There is very little information on specific innate immune responses to SARS-CoV-2 in cancer patients. Patients with malignant tumors have a weakened innate immune response, which makes them more susceptible to infection with SARS-CoV-2. Due to the improved immunologically compromised environment of warm malignant tumors compared to cold tumors, higher frequencies of adverse COVID-19 outcomes caused by deregulated innate immune responses are likely in patients with warm cancers than in patients with warm cancer. cold cancers.

Lung cancer (a burning cancer) has an active but weakened and / or fatigued lung tumor microenvironment (TME), resulting in a weakened innate immune response to SARS-CoV-2 infection.
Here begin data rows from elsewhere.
(* For all $t\in\mathbb N$ we have $\lvert v_t^\alpha-v_t^\beta\rvert\le 48$.
   Context: Let $\mathsf r(n)$ be the number of (overlapping) occurrences of $\mathtt{11}$ in the binary expansion of $n\in\mathbb N=\{0,1,\dots\}$, and $d(t,n)=\mathsf r(n+t)-\mathsf r(n)$. Let $a_t(k)$, $b_t(k)$ ($k\in\mathbb Z$) be the asymptotic densities (which exist and define probability distributions on $\mathbb Z$) of $\{n:d(t,2n)=k\}$ and $\{n:d(t,2n+1)=k\}$. Let $v_t^\alpha$ and $v_t^\beta$ denote the variances of the distributions $a_t$ and $b_t$ respectively. *)

theory Defs
  imports "HOL-Analysis.Analysis"
begin

definition r :: "nat \<Rightarrow> nat" where
  "r n = card {i. bit n i \<and> bit n (Suc i)}"

definition d :: "nat \<Rightarrow> nat \<Rightarrow> int" where
  "d t n = int (r (n + t)) - int (r n)"

text \<open>Asymptotic density of a set of naturals (the limit exists in the cases used).\<close>
definition asym_density :: "nat set \<Rightarrow> real" where
  "asym_density S = lim (\<lambda>N. real (card (S \<inter> {..<N})) / real N)"

definition a :: "nat \<Rightarrow> int \<Rightarrow> real" where
  "a t k = asym_density {n. d t (2 * n) = k}"

definition b :: "nat \<Rightarrow> int \<Rightarrow> real" where
  "b t k = asym_density {n. d t (2 * n + 1) = k}"

definition variance_int :: "(int \<Rightarrow> real) \<Rightarrow> real" where
  "variance_int p = (let \<mu> = (\<Sum>\<^sub>\<infinity>k\<in>UNIV. real_of_int k * p k)
                      in \<Sum>\<^sub>\<infinity>k\<in>UNIV. (real_of_int k - \<mu>)^2 * p k)"

definition v_alpha :: "nat \<Rightarrow> real" where
  "v_alpha t = variance_int (a t)"

definition v_beta :: "nat \<Rightarrow> real" where
  "v_beta t = variance_int (b t)"

end

(*
  The binary recursion r(2m) = r(m), r(2m+1) = r(m) + [m odd] expresses d(t,.) through
  d(s,.) with s = t div 2 (or s + 1), according to the parities of t and n. Each level set
  of d(t,.) on even or on odd arguments is thus an interleaving of two level sets of the
  previous level, so all densities exist and, with e = [s odd],
    a_(2s)   = (a_s + b_s)/2,                   b_(2s)   = (a_s(. - e) + b_s(. + e))/2,
    a_(2s+1) = (a_s(. - e) + b_s(. - 1 + e))/2,  b_(2s+1) = (a_(s+1) + b_(s+1)(. + 1))/2.
  Only b_1 has infinite support; it solves b_1 = (a_1 + b_1(. + 1))/2 and decays
  geometrically, so all these distributions have finite second moments. They have mass 1
  and means +-[t odd]/2, hence v^alpha_t - v^beta_t is the difference of the second moments
  of a_t and b_t. Their sum S_t satisfies S_(2s) = S_s + 2[s odd] and
  S_(2s+1) = (S_s + S_(s+1) + 3)/2, so |S_(s+1) - S_s| <= 3 by induction, and the two second
  moments differ by at most 2.
*)

theory Submission
  imports Defs "HOL-Real_Asymp.Real_Asymp"
begin

section \<open>Blocks 11 under doubling\<close>

lemma bit_nat_imp_less: "bit (n::nat) i \<Longrightarrow> i < n"
  by (metis bit_iff_odd div_less dual_order.strict_trans1 even_zero less_exp not_less)

lemma r_rec: "r n = r (n div 2) + of_bool (odd n \<and> odd (n div 2))"
proof -
  let ?P = "\<lambda>(n::nat) i. bit n i \<and> bit n (Suc i)"
  have fin: "finite {i. ?P m i}" for m
    by (rule finite_subset[of _ "{..<m}"]) (auto dest: bit_nat_imp_less)
  have split: "{i. ?P n i} = {i::nat. i = 0 \<and> ?P n 0} \<union> Suc ` {i. ?P (n div 2) i}"
  proof (intro set_eqI iffI)
    fix i assume "i \<in> {i. ?P n i}"
    then show "i \<in> {i::nat. i = 0 \<and> ?P n 0} \<union> Suc ` {i. ?P (n div 2) i}"
      by (cases i) (auto simp: bit_Suc)
  qed (auto simp: bit_Suc)
  have "r n = card {i::nat. i = 0 \<and> ?P n 0} + card (Suc ` {i. ?P (n div 2) i})"
    unfolding r_def split by (rule card_Un_disjoint) (use fin in auto)
  then show ?thesis
    by (simp add: r_def card_image bit_0 bit_Suc)
qed

lemma r_double: "r (2 * m) = r m"
  using r_rec[of "2 * m"] by simp

lemma r_double_plus1: "r (2 * m + 1) = r m + of_bool (odd m)"
  using r_rec[of "2 * m + 1"] by simp

lemma d_0: "d 0 n = 0"
  by (simp add: d_def)

lemma d_even_even: "d (2 * s) (2 * m) = d s m"
  using r_double[of "m + s"] r_double[of m] by (simp add: d_def algebra_simps)

lemma d_even_odd: "d (2 * s) (2 * m + 1) = d s m + of_bool (odd (m + s)) - of_bool (odd m)"
  using r_double_plus1[of "m + s"] r_double_plus1[of m] by (simp add: d_def algebra_simps)

lemma d_odd_even: "d (2 * s + 1) (2 * m) = d s m + of_bool (odd (m + s))"
  using r_double_plus1[of "m + s"] r_double[of m] by (simp add: d_def algebra_simps)

lemma d_odd_odd: "d (2 * s + 1) (2 * m + 1) = d (s + 1) m - of_bool (odd m)"
  using r_double[of "m + s + 1"] r_double_plus1[of m] by (simp add: d_def algebra_simps)

lemma d_1_le: "d 1 n \<le> 1"
proof (induction n rule: nat_bit_induct)
  case (even m)
  then show ?case using d_odd_even[of 0 m] by (simp add: d_0)
next
  case (odd m)
  then show ?case using d_odd_odd[of 0 m] by simp
qed (simp add: d_def r_def)

section \<open>Asymptotic densities\<close>

text \<open>\<^const>\<open>asym_density\<close> is a \<^const>\<open>lim\<close>, an unspecified value when the limit does not
  exist; \<open>has_density\<close> asserts the limit.\<close>

definition has_density :: "nat set \<Rightarrow> real \<Rightarrow> bool" where
  "has_density S x \<longleftrightarrow> (\<lambda>N. real (card (S \<inter> {..<N})) / real N) \<longlonglongrightarrow> x"

lemma asym_density_eqI: "has_density S x \<Longrightarrow> asym_density S = x"
  unfolding has_density_def asym_density_def by (rule limI)

lemma has_density_nonneg: "has_density S x \<Longrightarrow> 0 \<le> x"
  unfolding has_density_def by (rule LIMSEQ_le_const) auto

lemma has_density_empty: "has_density {} 0"
  by (simp add: has_density_def)

lemma has_density_UNIV: "has_density UNIV 1"
proof -
  have "(\<lambda>N. real N / real N) \<longlonglongrightarrow> (1::real)"
    by real_asymp
  then show ?thesis
    by (simp add: has_density_def)
qed

lemma has_density_const: "has_density {m. P} (of_bool P)"
  by (cases P) (simp_all add: has_density_UNIV has_density_empty)

lemma card_lessThan_even_odd:
  fixes S :: "nat set"
  shows "card (S \<inter> {..<N}) =
     card ({m. 2 * m \<in> S} \<inter> {..<N - N div 2}) + card ({m. 2 * m + 1 \<in> S} \<inter> {..<N div 2})"
proof -
  have split: "S \<inter> {..<N} = (*) 2 ` ({m. 2 * m \<in> S} \<inter> {..<N - N div 2})
      \<union> (\<lambda>m. 2 * m + 1) ` ({m. 2 * m + 1 \<in> S} \<inter> {..<N div 2})"
  proof (intro set_eqI iffI)
    fix n assume "n \<in> S \<inter> {..<N}"
    then show "n \<in> (*) 2 ` ({m. 2 * m \<in> S} \<inter> {..<N - N div 2})
        \<union> (\<lambda>m. 2 * m + 1) ` ({m. 2 * m + 1 \<in> S} \<inter> {..<N div 2})"
      by (cases "even n") (auto elim!: evenE oddE)
  qed auto
  have "card (S \<inter> {..<N}) = card ((*) 2 ` ({m. 2 * m \<in> S} \<inter> {..<N - N div 2}))
      + card ((\<lambda>m. 2 * m + 1) ` ({m. 2 * m + 1 \<in> S} \<inter> {..<N div 2}))"
    unfolding split by (rule card_Un_disjoint) (auto, presburger)
  then show ?thesis
    by (simp add: card_image inj_on_def)
qed

lemma tendsto_half_div2: "(\<lambda>N. real (N div 2) / real N) \<longlonglongrightarrow> 1 / 2"
proof (rule tendsto_sandwich)
  have "real N - 1 \<le> 2 * real (N div 2) \<and> 2 * real (N div 2) \<le> real N" for N
    by linarith
  then show "\<forall>\<^sub>F N in sequentially. (real N - 1) / (2 * real N) \<le> real (N div 2) / real N"
    and "\<forall>\<^sub>F N in sequentially. real (N div 2) / real N \<le> real N / (2 * real N)"
    by (auto simp: frac_le divide_simps eventually_sequentially intro!: exI[of _ 1])
qed real_asymp+

lemma has_density_rescaled_count:
  assumes "has_density S x" and "filterlim h at_top sequentially"
    and "(\<lambda>N. real (h N) / real N) \<longlonglongrightarrow> c"
  shows "(\<lambda>N. real (card (S \<inter> {..<h N})) / real N) \<longlonglongrightarrow> x * c"
proof -
  have "(\<lambda>N. real (card (S \<inter> {..<h N})) / real (h N)) \<longlonglongrightarrow> x"
    using assms(1,2) unfolding has_density_def by (rule filterlim_compose)
  then have "(\<lambda>N. real (card (S \<inter> {..<h N})) / real (h N) * (real (h N) / real N)) \<longlonglongrightarrow> x * c"
    using assms(3) by (rule tendsto_mult)
  moreover have "real (card (S \<inter> {..<h N})) / real (h N) * (real (h N) / real N)
      = real (card (S \<inter> {..<h N})) / real N" for N
    by (cases "h N = 0") auto
  ultimately show ?thesis
    by (simp only:)
qed

lemma has_density_interleave:
  fixes S :: "nat set"
  assumes "has_density {m. 2 * m \<in> S} x" and "has_density {m. 2 * m + 1 \<in> S} y"
  shows "has_density S ((x + y) / 2)"
proof -
  have lower_half: "filterlim (\<lambda>N::nat. N div 2) at_top sequentially"
    by (rule filterlim_at_top_div_const_nat) simp
  then have upper_half: "filterlim (\<lambda>N::nat. N - N div 2) at_top sequentially"
    by (rule filterlim_at_top_mono) (intro always_eventually allI, presburger)
  have "(\<lambda>N. 1 - real (N div 2) / real N) \<longlonglongrightarrow> 1 - 1 / 2"
    by (intro tendsto_diff tendsto_const tendsto_half_div2)
  moreover have "\<forall>\<^sub>F N in sequentially. 1 - real (N div 2) / real N = real (N - N div 2) / real N"
    by (auto simp: eventually_sequentially field_simps intro!: exI[of _ 1])
  ultimately have "(\<lambda>N. real (N - N div 2) / real N) \<longlonglongrightarrow> 1 / 2"
    by (simp add: tendsto_cong)
  then have "(\<lambda>N. real (card ({m. 2 * m \<in> S} \<inter> {..<N - N div 2})) / real N
      + real (card ({m. 2 * m + 1 \<in> S} \<inter> {..<N div 2})) / real N) \<longlonglongrightarrow> x * (1 / 2) + y * (1 / 2)"
    by (intro tendsto_add has_density_rescaled_count assms lower_half upper_half tendsto_half_div2)
  then show ?thesis
    unfolding has_density_def card_lessThan_even_odd[of S] by (simp add: add_divide_distrib)
qed
definition kst_cubic :: "nat \<Rightarrow> nat \<Rightarrow> real \<Rightarrow> real" where
  "kst_cubic s t x = x ^ 3 + (5 - real s - 3 * real t) * x ^ 2
     + (6 - 4 * real s - 2 * real t - real s * real t) * x + 2 - 2 * real s - real s * real t"

lemma sum_three_classes:
  fixes g :: "nat \<Rightarrow> real"
  assumes "t \<le> s" and "\<And>j. j < t \<Longrightarrow> g j = a"
    and "\<And>j. t \<le> j \<Longrightarrow> j < s \<Longrightarrow> g j = b"
    and "\<And>j. s \<le> j \<Longrightarrow> j < s + t \<Longrightarrow> g j = c"
  shows "(\<Sum>j<s + t. g j) = real t * a + real (s - t) * b + real t * c"
proof -
  have "(\<Sum>j<s + t. g j) = sum g {0..<t} + sum g {t..<s} + sum g {s..<s + t}"
    using assms(1) by (simp add: atLeast0LessThan[symmetric] sum.atLeastLessThan_concat)
  also have "\<dots> = real t * a + real (s - t) * b + real t * c"
    using assms(2-4) by simp
  finally show ?thesis .
qed

lemma rank2_correction_cubic:
  fixes x q a b :: real
  assumes x: "x + 1 \<noteq> 0" and q: "q \<noteq> 0" and q_def: "q = x\<^sup>2 + 4 * x + 2"
  shows "(x + 1) * q * ((1 - (a * ((x + 2) / q) + b / (x + 1) + a * (2 * x / q)))
        * (1 - (a * (- 1 / q) + a * ((x + 1) / q)))
      - (a * (- 1 / q) + a * (2 * (x + 1) / q))
        * (a * ((x + 2) / q) + b / (x + 1) + a * (x / q))) = x ^ 3 + (5 - (a + b) - 3 * a) * x ^ 2
      + (6 - 4 * (a + b) - 2 * a - (a + b) * a) * x + 2 - 2 * (a + b) - (a + b) * a"
    (is "_ = ?cubic")
proof -
  define A where "A = (x + 1) * q - b * q - a * (3 * x + 2) * (x + 1)"
  define D where "D = b * q + 2 * a * (x + 1)\<^sup>2"
  have h1: "1 - (a * ((x + 2) / q) + b / (x + 1) + a * (2 * x / q)) = A / ((x + 1) * q)"
    using x q unfolding A_def by (simp add: divide_simps) (simp add: algebra_simps)
  have h2: "1 - (a * (- 1 / q) + a * ((x + 1) / q)) = (q - a * x) / q"
    using q by (simp add: field_simps)
  have h3: "a * (- 1 / q) + a * (2 * (x + 1) / q) = a * (2 * x + 1) / q"
    using q by (simp add: field_simps)
  have h4: "a * ((x + 2) / q) + b / (x + 1) + a * (x / q) = D / ((x + 1) * q)"
    using x q unfolding D_def by (simp add: divide_simps) (simp add: algebra_simps power2_eq_square)
  have N: "A * (q - a * x) - a * (2 * x + 1) * D = q * ?cubic"
    unfolding A_def D_def q_def by (simp add: algebra_simps power2_eq_square power3_eq_cube)
  have "(x + 1) * q * (A / ((x + 1) * q) * ((q - a * x) / q) - a * (2 * x + 1) / q * (D / ((x + 1) * q)))
      = (A * (q - a * x) - a * (2 * x + 1) * D) / q"
    using x q by (simp add: divide_simps)
  then show ?thesis
    unfolding h1 h2 h3 h4 N using q by simp
qed

lemma det_one_minus_rank2_product:
  assumes "t \<le> s" and "x + 1 \<noteq> 0" and "pair_char x \<noteq> 0"
  shows "(x + 1) * pair_char x * det (1\<^sub>m 2 - kst_rank2_right s t * kst_rank2_solution s t x)
    = kst_cubic s t x"
proof -
  let ?VY = "kst_rank2_right s t * kst_rank2_solution s t x"
  let ?q = "pair_char x"
  have VY: "?VY $$ (c, d) = (\<Sum>j<s + t. kst_rank2_right s t $$ (c, j) * kst_rank2_solution s t x $$ (j, d))"
    if "c < 2" "d < 2" for c d
    using that by (simp add: kst_rank2_right_def kst_rank2_solution_def scalar_prod_def atLeast0LessThan)
  have e00: "?VY $$ (0, 0) = real t * ((x + 2) / ?q) + real (s - t) * (1 / (x + 1)) + real t * (2 * x / ?q)"
    by (rule trans[OF VY], simp, simp, rule sum_three_classes[OF assms(1)])
      (use assms(1) in \<open>auto simp: kst_rank2_right_def kst_rank2_solution_def pendant_ind_def\<close>)
  have e01: "?VY $$ (0, 1) = real t * (- 1 / ?q) + real (s - t) * 0 + real t * (2 * (x + 1) / ?q)"
    by (rule trans[OF VY], simp, simp, rule sum_three_classes[OF assms(1)])
      (use assms(1) in \<open>auto simp: kst_rank2_right_def kst_rank2_solution_def pendant_ind_def\<close>)
  have e10: "?VY $$ (1, 0) = real t * ((x + 2) / ?q) + real (s - t) * (1 / (x + 1)) + real t * (x / ?q)"
    by (rule trans[OF VY], simp, simp, rule sum_three_classes[OF assms(1)])
      (use assms(1) in \<open>auto simp: kst_rank2_right_def kst_rank2_solution_def pendant_ind_def\<close>)
  have e11: "?VY $$ (1, 1) = real t * (- 1 / ?q) + real (s - t) * 0 + real t * ((x + 1) / ?q)"
    by (rule trans[OF VY], simp, simp, rule sum_three_classes[OF assms(1)])
      (use assms(1) in \<open>auto simp: kst_rank2_right_def kst_rank2_solution_def pendant_ind_def\<close>)
  have "det (1\<^sub>m 2 - ?VY) = (1 - ?VY $$ (0, 0)) * (1 - ?VY $$ (1, 1)) - ?VY $$ (0, 1) * ?VY $$ (1, 0)"
    by (subst det_mat_2) (auto simp: kst_rank2_right_def kst_rank2_solution_def)
  also have "\<dots> = (1 - (real t * ((x + 2) / ?q) + real (s - t) / (x + 1) + real t * (2 * x / ?q)))
        * (1 - (real t * (- 1 / ?q) + real t * ((x + 1) / ?q)))
      - (real t * (- 1 / ?q) + real t * (2 * (x + 1) / ?q))
        * (real t * ((x + 2) / ?q) + real (s - t) / (x + 1) + real t * (x / ?q))"
    (is "_ = ?R") unfolding e00 e01 e10 e11 by simp
  finally show ?thesis
    using rank2_correction_cubic[OF assms(2,3) pair_char_def, of "real t" "real (s - t)"] assms(1)
    by (simp add: kst_cubic_def of_nat_diff)
qed

lemma PD_Kst_off_roots:
  assumes "t \<le> s" and "x + 1 \<noteq> 0" and "pair_char x \<noteq> 0"
  shows "(x + 1) * pair_char x * PD_Kst s t x = (x + 1) ^ (s - t) * pair_char x ^ t * kst_cubic s t x"
proof -
  have "PD_Kst s t x = det (kst_local_mat s t x - kst_rank2_left s t * kst_rank2_right s t)"
    unfolding PD_Kst_def char_mat_Kst_split[OF assms(1)] ..
  also have "\<dots> = det (kst_local_mat s t x)
      * det (1\<^sub>m 2 - kst_rank2_right s t * kst_rank2_solution s t x)"
    by (rule det_minus_mult[OF _ _ _ _ kst_local_mat_mult_solution[OF assms]])
      (auto simp: kst_local_mat_def kst_rank2_left_def kst_rank2_right_def kst_rank2_solution_def)
  finally show ?thesis
    using det_kst_local_mat[OF assms(1,2)] det_one_minus_rank2_product[OF assms] by simp
qed

lemma isCont_PD_Kst: "isCont (PD_Kst s t) x"
proof -
  have "PD_Kst s t = poly (char_poly (dist_mat_Kst s t))"
  proof
    fix y
    have "- char_matrix (dist_mat_Kst s t) y = y \<cdot>\<^sub>m 1\<^sub>m (s + t) - dist_mat_Kst s t"
      by (rule eq_matI) (auto simp: char_matrix_def dist_mat_Kst_def)
    then show "PD_Kst s t y = poly (char_poly (dist_mat_Kst s t)) y"
      unfolding PD_Kst_def by (simp add: char_poly_matrix[of _ "s + t"] dist_mat_Kst_def)
  qed
  then show ?thesis by simp
qed

lemma PD_Kst_eqI:
  assumes "\<And>y. y + 1 \<noteq> 0 \<Longrightarrow> pair_char y \<noteq> 0 \<Longrightarrow> PD_Kst s t y = f y"
    and "isCont f x"
  shows "PD_Kst s t x = f x"
proof (rule isCont_eq_off_finite[OF _ _ isCont_PD_Kst assms(2)])
  show "finite {-1, -2 + sqrt 2, -2 - sqrt 2}" by simp
  show "PD_Kst s t y = f y" if "y \<notin> {-1, -2 + sqrt 2, -2 - sqrt 2}" for y
    using that by (intro assms(1)) (auto simp: pair_char_factor)
qed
MTCT in lung cancer, which is infiltrated by immune cells and chronically inflamed, has an immunologically activated profile that may promote the disruption of innate immune responses against SARS-CoV-2 in the lungs.

Additionally, tumor cells can experience cytokine storms due to many underlying causes, which could affect the innate immune responses generated against SARS-CoV-2 infection and the severity of COVID-19. On the other hand, the disruption of the innate immune response following infection with SARS-CoV-2 can promote the growth of lung cancer and / or other cancers.


The current COVID-19 pandemic is affecting people who have a pre-existing immunocompromised profile (eg, cancer patients). Because cancer populations are so diverse (in terms of tumor type and treatment), inconsistent reports of negative results from SARS-CoV-2 infection have been recorded. The development of treatments that can prevent negative outcomes and promote healthy recovery will be facilitated by mechanical knowledge of the progression of infections in homogeneous cancer populations.